Antibody-mediated immunity induced by engineered Escherichia coli OMVs carrying heterologous antigens in their lumen

• Main Authors: Laura Fantappiè, Micaela de Santis, Emiliano Chiarot, Filippo Carboni, Giuliano Bensi, Olivier Jousson, Immaculada Margarit, Guido Grandi
• Format: Article
• Language: English
• Published: Taylor & Francis Group 2014-08-01
• Series: Journal of Extracellular Vesicles
• Subjects: outer membrane vesicles; vaccines; heterologous antigens; periplasmic expression; Group A Streptococcus; Group B Streptococcus
• Online Access: http://www.journalofextracellularvesicles.net/index.php/jev/article/download/24015/35026

Background: Outer membrane vesicles (OMVs) from Gram-negative bacteria are gaining increasing attention as vaccine platform for their built-in adjuvanticity and for their potential use as carriers of heterologous antigens.
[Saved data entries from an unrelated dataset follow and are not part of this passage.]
(* Let $L$ be a post-Lie-Rinehart algebra over $R$, with anchor map $\rho$ and connection $\rhd$. Let $Z\in L$ and $X,Y_1,\dots,Y_n\in L$. Then \[ \bigl(Y_1\rhd(Y_2\rhd(\cdots(Y_n\rhd\delta X)\cdots))\bigr)(Z)=(Y_1\ast\cdots\ast Y_n)Z\rhd X, \] where $(Y_1\ast\cdots\ast Y_n)Z\in U(L)$ is a product in $U(L)$, the right-hand $\rhd$ is the Guin--Oudom extension $U(L)\otimes L\to L$, and $\ast$ is the Grossman--Larson product.
   Context: Let $R$ be a commutative unital algebra. A Lie-Rinehart algebra over $R$ is an $R$-module $L$ with a Lie bracket $\llbracket\cdot,\cdot\rrbracket$ and an $R$-linear Lie morphism $\rho:L\to\mathrm{Der}(R)$ with $\llbracket X,fY\rrbracket=(\rho(X)f)Y+f\llbracket X,Y\rrbracket$. A connection is a map $(X,Y)\mapsto X\rhd Y$, $R$-linear in $X$, with $X\rhd(fY)=(\rho(X)f)Y+fX\rhd Y$. Its torsion is $T(X,Y)=X\rhd Y-Y\rhd X-\llbracket X,Y\rrbracket$ and its curvature is $\mathcal{R}(X,Y,Z)=X\rhd(Y\rhd Z)-Y\rhd(X\rhd Z)-\llbracket X,Y\rrbracket\rhd Z$. A post-Lie-Rinehart algebra is a Lie-Rinehart algebra with a connection that is flat ($\mathcal{R}=0$) and has constant torsion ($X\rhd T(Y,Z)=T(X\rhd Y,Z)+T(Y,X\rhd Z)$). With $[X,Y]:=-T(X,Y)$, $(L,[\cdot,\cdot],\rhd)$ is a post-Lie algebra. The connection extends to $\mathrm{Hom}_R(L)$ by $(X\rhd u)(Y)=X\rhd u(Y)-u(X\rhd Y)$, and $\delta X(Z):=Z\rhd X$. $U(L)$ is the universal enveloping algebra of the Lie algebra $(L,[\cdot,\cdot])$ over the ground field. It is a Hopf algebra with concatenation product and the coproduct $\Delta(A)=A_{(1)}\otimes A_{(2)}$ (Sweedler notation) determined by $\Delta(x)=x\otimes1+1\otimes x$ for $x\in L$ and being an algebra morphism. The Guin--Oudom extension of $\rhd$ to $U(L)\otimes U(L)\to U(L)$ is the unique extension satisfying, for $A,B,C\in U(L)$ and $x\in L$: \[ 1\rhd A=A,\qquad xA\rhd B=x\rhd(A\rhd B)-(x\rhd A)\rhd B,\qquad A\rhd BC=(A_{(1)}\rhd B)(A_{(2)}\rhd C). \] In particular, for $y\in L$, \[ x_1\cdots x_k\rhd y=x_1\rhd(x_2\cdots x_k\rhd y)-\sum_{i=2}^k x_2\cdots x_{i-1}(x_1\rhd x_i)x_{i+1}\cdots x_k\rhd y. \] The Grossman--Larson product is $A\ast B=A_{(1)}(A_{(2)}\rhd B)$. *)

theory Defs
  imports Main
begin

text \<open>
  The k-vector space
  structure of L is c.x = sm (iota c) x.
\<close>

definition k_algebra :: "('k::field \<Rightarrow> 'r::comm_ring_1) \<Rightarrow> bool" where
  "k_algebra \<iota> \<longleftrightarrow> (\<forall>a b. \<iota> (a + b) = \<iota> a + \<iota> b) \<and> (\<forall>a b. \<iota> (a * b) = \<iota> a * \<iota> b) \<and> \<iota> 1 = 1"

definition is_module :: "('r::comm_ring_1 \<Rightarrow> 'l::ab_group_add \<Rightarrow> 'l) \<Rightarrow> bool" where
  "is_module sm \<longleftrightarrow>
     (\<forall>a b x. sm (a + b) x = sm a x + sm b x) \<and> (\<forall>a x y. sm a (x + y) = sm a x + sm a y) \<and>
     (\<forall>a b x. sm (a * b) x = sm a (sm b x)) \<and> (\<forall>x. sm 1 x = x)"

definition Der :: "('k::field \<Rightarrow> 'r::comm_ring_1) \<Rightarrow> ('r \<Rightarrow> 'r) set" where
  "Der \<iota> = {D. (\<forall>a b. D (a + b) = D a + D b) \<and> (\<forall>c a. D (\<iota> c * a) = \<iota> c * D a) \<and>
               (\<forall>a b. D (a * b) = a * D b + D a * b)}"

definition Lie_Rinehart ::
  "('k::field \<Rightarrow> 'r::comm_ring_1) \<Rightarrow> ('r \<Rightarrow> 'l::ab_group_add \<Rightarrow> 'l) \<Rightarrow> ('l \<Rightarrow> 'l \<Rightarrow> 'l) \<Rightarrow> ('l \<Rightarrow> 'r \<Rightarrow> 'r) \<Rightarrow> bool" where
  "Lie_Rinehart \<iota> sm br \<rho> \<longleftrightarrow>
     k_algebra \<iota> \<and> is_module sm \<and>
     \<comment> \<open>k-bilinear Lie bracket\<close>
     (\<forall>x y z. br (x + y) z = br x z + br y z) \<and> (\<forall>x y z. br x (y + z) = br x y + br x z) \<and>
     (\<forall>c x y. br (sm (\<iota> c) x) y = sm (\<iota> c) (br x y)) \<and>
     (\<forall>c x y. br x (sm (\<iota> c) y) = sm (\<iota> c) (br x y)) \<and>
     (\<forall>x. br x x = 0) \<and>
     (\<forall>x y z. br x (br y z) + br y (br z x) + br z (br x y) = 0) \<and>
     \<comment> \<open>anchor: R-linear Lie morphism into Der(R)\<close>
     (\<forall>X. \<rho> X \<in> Der \<iota>) \<and>
     (\<forall>X Y. \<rho> (X + Y) = (\<lambda>a. \<rho> X a + \<rho> Y a)) \<and>
     (\<forall>f X. \<rho> (sm f X) = (\<lambda>a. f * \<rho> X a)) \<and>
     (\<forall>X Y. \<rho> (br X Y) = (\<lambda>a. \<rho> X (\<rho> Y a) - \<rho> Y (\<rho> X a))) \<and>
     \<comment> \<open>Leibniz rule\<close>
     (\<forall>X f Y. br X (sm f Y) = sm (\<rho> X f) Y + sm f (br X Y))"

definition is_connection ::
  "('r::comm_ring_1 \<Rightarrow> 'l::ab_group_add \<Rightarrow> 'l) \<Rightarrow> ('l \<Rightarrow> 'r \<Rightarrow> 'r) \<Rightarrow> ('l \<Rightarrow> 'l \<Rightarrow> 'l) \<Rightarrow> bool" where
  "is_connection sm \<rho> conn \<longleftrightarrow>
     (\<forall>X X' Y. conn (X + X') Y = conn X Y + conn X' Y) \<and>
     (\<forall>f X Y. conn (sm f X) Y = sm f (conn X Y)) \<and>
     (\<forall>X Y Y'. conn X (Y + Y') = conn X Y + conn X Y') \<and>
     (\<forall>X f Y. conn X (sm f Y) = sm (\<rho> X f) Y + sm f (conn X Y))"

definition torsion :: "('l::ab_group_add \<Rightarrow> 'l \<Rightarrow> 'l) \<Rightarrow> ('l \<Rightarrow> 'l \<Rightarrow> 'l) \<Rightarrow> 'l \<Rightarrow> 'l \<Rightarrow> 'l" where
  "torsion br conn X Y = conn X Y - conn Y X - br X Y"

definition curvature :: "('l::ab_group_add \<Rightarrow> 'l \<Rightarrow> 'l) \<Rightarrow> ('l \<Rightarrow> 'l \<Rightarrow> 'l) \<Rightarrow> 'l \<Rightarrow> 'l \<Rightarrow> 'l \<Rightarrow> 'l" where
  "curvature br conn X Y Z = conn X (conn Y Z) - conn Y (conn X Z) - conn (br X Y) Z"

definition post_Lie_Rinehart ::
  "('k::field \<Rightarrow> 'r::comm_ring_1) \<Rightarrow> ('r \<Rightarrow> 'l::ab_group_add \<Rightarrow> 'l) \<Rightarrow> ('l \<Rightarrow> 'l \<Rightarrow> 'l) \<Rightarrow> ('l \<Rightarrow> 'r \<Rightarrow> 'r)
    \<Rightarrow> ('l \<Rightarrow> 'l \<Rightarrow> 'l) \<Rightarrow> bool" where
  "post_Lie_Rinehart \<iota> sm br \<rho> conn \<longleftrightarrow>
     Lie_Rinehart \<iota> sm br \<rho> \<and> is_connection sm \<rho> conn \<and>
     (\<forall>X Y Z. curvature br conn X Y Z = 0) \<and>
     (\<forall>X Y Z. conn X (torsion br conn Y Z) = torsion br conn (conn X Y) Z + torsion br conn Y (conn X Z))"

definition hom_act :: "('l::ab_group_add \<Rightarrow> 'l \<Rightarrow> 'l) \<Rightarrow> 'l \<Rightarrow> ('l \<Rightarrow> 'l) \<Rightarrow> ('l \<Rightarrow> 'l)" where
  "hom_act conn X u = (\<lambda>Y. conn X (u Y) - u (conn X Y))"

definition delta :: "('l \<Rightarrow> 'l \<Rightarrow> 'l) \<Rightarrow> 'l \<Rightarrow> ('l \<Rightarrow> 'l)" where
  "delta conn X = (\<lambda>Z. conn Z X)"

text \<open>Guin--Oudom extension on words x1...xk acting on a letter y
  (recursion formula from the paper).\<close>
function go_act :: "('l::ab_group_add \<Rightarrow> 'l \<Rightarrow> 'l) \<Rightarrow> 'l list \<Rightarrow> 'l \<Rightarrow> 'l" where
  "go_act c [] y = y"
| "go_act c (x # A) y =
     c x (go_act c A y) - sum_list (map (\<lambda>i. go_act c (A[i := c x (A ! i)]) y) [0..<length A])"
  by pat_completeness auto
termination by (relation "measure (\<lambda>(c, A, y). length A)") auto

text \<open>Elements of U(L) are represented by formal sums of words (lists of words, all
  coefficients of the relevant elements being 1).  Word acting on word:
  A |> b1...bm = sum over maps f from the letters of A to {1..m} of
  (A_f1 |> b1)...(A_fm |> bm) (iterated rule A |> BC = (A1 |> B)(A2 |> C)).\<close>
definition go_word :: "('l::ab_group_add \<Rightarrow> 'l \<Rightarrow> 'l) \<Rightarrow> 'l list \<Rightarrow> 'l list \<Rightarrow> 'l list list" where
  "go_word c A B =
     map (\<lambda>f. map (\<lambda>j. go_act c (nths A {i. f ! i = j}) (B ! j)) [0..<length B])
         (List.n_lists (length A) [0..<length B])"

text \<open>Grossman--Larson product of words: A * B = A(1) (A(2) |> B) with the
  shuffle (deconcatenation by subsets) coproduct.\<close>
definition gl_word :: "('l::ab_group_add \<Rightarrow> 'l \<Rightarrow> 'l) \<Rightarrow> 'l list \<Rightarrow> 'l list \<Rightarrow> 'l list list" where
  "gl_word c A B =
     concat (map (\<lambda>m. map (\<lambda>w. nths A {i. m ! i} @ w) (go_word c (nths A {i. \<not> m ! i}) B))
                 (List.n_lists (length A) [True, False]))"

definition gl :: "('l::ab_group_add \<Rightarrow> 'l \<Rightarrow> 'l) \<Rightarrow> 'l list list \<Rightarrow> 'l list list \<Rightarrow> 'l list list" where
  "gl c As Bs = concat (map (\<lambda>a. concat (map (\<lambda>b. gl_word c a b) Bs)) As)"

definition gl_prod :: "('l::ab_group_add \<Rightarrow> 'l \<Rightarrow> 'l) \<Rightarrow> 'l list \<Rightarrow> 'l list list" where
  "gl_prod c Ys = foldr (\<lambda>y acc. gl c [[y]] acc) Ys [[]]"

definition go_eval :: "('l::ab_group_add \<Rightarrow> 'l \<Rightarrow> 'l) \<Rightarrow> 'l list list \<Rightarrow> 'l \<Rightarrow> 'l" where
  "go_eval c As y = sum_list (map (\<lambda>w. go_act c w y) As)"

end

theory Submission
  imports Defs
begin

text \<open>
  Both sides obey the same recursion in the first letter Y of the word.
  On the right, the Grossman--Larson product with a letter is the Leibniz rule
  \<open>Y \<ast> b\<^sub>1\<cdots>b\<^sub>m = Y b\<^sub>1\<cdots>b\<^sub>m + \<Sum>\<^sub>j b\<^sub>1\<cdots>(Y \<rhd> b\<^sub>j)\<cdots>b\<^sub>m\<close>, and the Guin--Oudom recursion for
  \<open>Y b\<^sub>1\<cdots>b\<^sub>m Z \<rhd> X\<close> cancels all these terms except \<open>Y \<rhd> (b\<^sub>1\<cdots>b\<^sub>m Z \<rhd> X)\<close> and
  \<open>b\<^sub>1\<cdots>b\<^sub>m (Y \<rhd> Z) \<rhd> X\<close>.  Induction on the number of letters then only needs
  additivity of \<open>Y \<rhd> \<cdot>\<close>.
\<close>

lemma go_word_Nil: "go_word c [] b = [b]"
  unfolding go_word_def by (simp add: map_nth)

lemma go_word_singleton:
  "go_word c [Y] b = map (\<lambda>k. b[k := c Y (b ! k)]) [0..<length b]"
proof -
  have n_lists_singleton:
    "List.n_lists 1 [0..<length b] = map (\<lambda>k. [k]) [0..<length b]"
    by (simp add: map_concat)
  have "map (\<lambda>j. go_act c (nths [Y] {i. [k] ! i = j}) (b ! j)) [0..<length b]
          = b[k := c Y (b ! k)]" if "k < length b" for k
    using that by (intro nth_equalityI) (auto simp: nths_singleton nth_list_update)
  then show ?thesis
    unfolding go_word_def by (simp add: n_lists_singleton)
qed

lemma gl_word_singleton:
  "gl_word c [Y] b = (Y # b) # map (\<lambda>j. b[j := c Y (b ! j)]) [0..<length b]"
  unfolding gl_word_def by (simp add: nths_singleton go_word_Nil go_word_singleton)

lemma go_act_Cons_snoc:
  "go_act c (Y # w @ [Z]) X
     = c Y (go_act c (w @ [Z]) X)
       - (sum_list (map (\<lambda>i. go_act c (w[i := c Y (w ! i)] @ [Z]) X) [0..<length w])
          + go_act c (w @ [c Y Z]) X)"
proof -
  have "map (\<lambda>i. go_act c ((w @ [Z])[i := c Y ((w @ [Z]) ! i)]) X) [0..<length w]
      = map (\<lambda>i. go_act c (w[i := c Y (w ! i)] @ [Z]) X) [0..<length w]"
    by (rule map_cong) (auto simp: list_update_append1 nth_append)
  then show ?thesis
    by (simp only: go_act.simps(2) length_append_singleton upt_Suc_append[OF le0]
        map_append sum_list_append) simp
qed

lemma sum_list_map_additive:
  fixes f :: "'a::monoid_add \<Rightarrow> 'b::ab_group_add"
  assumes "\<And>a b. f (a + b) = f a + f b"
  shows "f (sum_list xs) = sum_list (map f xs)"
proof -
  have "f 0 = 0"
    using assms[of 0 0] by (simp only: add_0 add_cancel_right_right)
  then show ?thesis
    by (induction xs) (simp_all add: assms)
qed

lemma go_eval_gl_singleton:
  assumes additive: "\<And>a b. c Y (a + b) = c Y a + c Y b"
  shows "go_eval c (map (\<lambda>w. w @ [Z]) (gl c [[Y]] Ws)) X
           = c Y (go_eval c (map (\<lambda>w. w @ [Z]) Ws) X)
             - go_eval c (map (\<lambda>w. w @ [c Y Z]) Ws) X"
proof -
  have word: "go_eval c (map (\<lambda>w. w @ [Z]) (gl_word c [Y] w)) X
                = c Y (go_act c (w @ [Z]) X) - go_act c (w @ [c Y Z]) X" for w
    by (simp add: go_eval_def gl_word_singleton go_act_Cons_snoc o_def del: go_act.simps)
  have "go_eval c (map (\<lambda>w. w @ [Z]) (gl c [[Y]] Ws)) X
          = (\<Sum>w\<leftarrow>Ws. c Y (go_act c (w @ [Z]) X) - go_act c (w @ [c Y Z]) X)"
    by (induction Ws) (simp_all add: gl_def go_eval_def flip: word)
  also have "\<dots> = c Y (go_eval c (map (\<lambda>w. w @ [Z]) Ws) X)
                    - go_eval c (map (\<lambda>w. w @ [c Y Z]) Ws) X"
    by (simp add: go_eval_def sum_list_subtractf sum_list_map_additive[OF additive] o_def)
  finally show ?thesis .
qed

lemma hom_act_delta_eq_go_eval_gl_prod:
  assumes additive: "\<And>Y a b. c Y (a + b) = c Y a + c Y b"
  shows "foldr (hom_act c) Ys (delta c X) Z
           = go_eval c (map (\<lambda>w. w @ [Z]) (gl_prod c Ys)) X"
proof (induction Ys arbitrary: Z)
  case Nil
  show ?case
    by (simp add: gl_prod_def go_eval_def delta_def)
next
  case (Cons Y Ys)
  then show ?case
    by (simp add: hom_act_def gl_prod_def go_eval_gl_singleton[OF additive])
qed

theorem mainTheorem7:
  fixes \<iota> :: "'k::field \<Rightarrow> 'r::comm_ring_1"
    and sm :: "'r \<Rightarrow> 'l::ab_group_add \<Rightarrow> 'l"
    and br :: "'l \<Rightarrow> 'l \<Rightarrow> 'l"
    and \<rho> :: "'l \<Rightarrow> 'r \<Rightarrow> 'r"
    and conn :: "'l \<Rightarrow> 'l \<Rightarrow> 'l"
    and Ys :: "'l list" and X Z :: 'l
  assumes "post_Lie_Rinehart \<iota> sm br \<rho> conn"
    and "Ys \<noteq> []"
  shows "foldr (hom_act conn) Ys (delta conn X) Z
           = go_eval conn (map (\<lambda>w. w @ [Z]) (gl_prod conn Ys)) X"
proof -
  have "\<And>Y a b. conn Y (a + b) = conn Y a + conn Y b"
    using assms(1) unfolding post_Lie_Rinehart_def is_connection_def by blast
  then show ?thesis
    by (rule hom_act_delta_eq_go_eval_gl_prod)
qed

end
These 2 properties offer the opportunity to make highly effective, easy to produce multi-valent vaccines. OMVs can be loaded with foreign antigens by targeting protein expression either to the outer membrane or to the periplasm of the OMV-producing strain. Periplasmic expression is simple and relatively efficient but leads to the accumulation of recombinant antigens in the lumen of OMVs and the ability of OMVs carrying internalized antigens to induce antigen-specific antibody responses has been only marginally investigated and is considered to be sub-optimal. Methods: We have systematically analyzed in qualitative and quantitative terms antibody responses induced by OMVs carrying different heterologous antigens in their lumen. Group A Streptococcus (GAS) Slo, SpyCEP, Spy0269 and Group B Streptococcus (GBS) SAM_1372 were fused to the OmpA leader sequence for secretion and expressed in Escherichia coli. OMVs from the recombinant strains were purified and tested for immunogenicity and protective activity. Results: All proteins were incorporated into the OMVs lumen in their native conformation. Upon mice immunization, OMVs induced high functional antibody titers against the recombinant proteins. Furthermore, immunization with Slo-OMVs and SpyCEP-OMVs protected mice against GAS lethal challenge. Conclusions: The efficiency of antigen delivery to the vesicular lumen via periplasmic expression, and the surprisingly high immunogenicity and protective activity of OMVs carrying internalized recombinant antigens further strengthens the potential of OMVs as vaccine platform.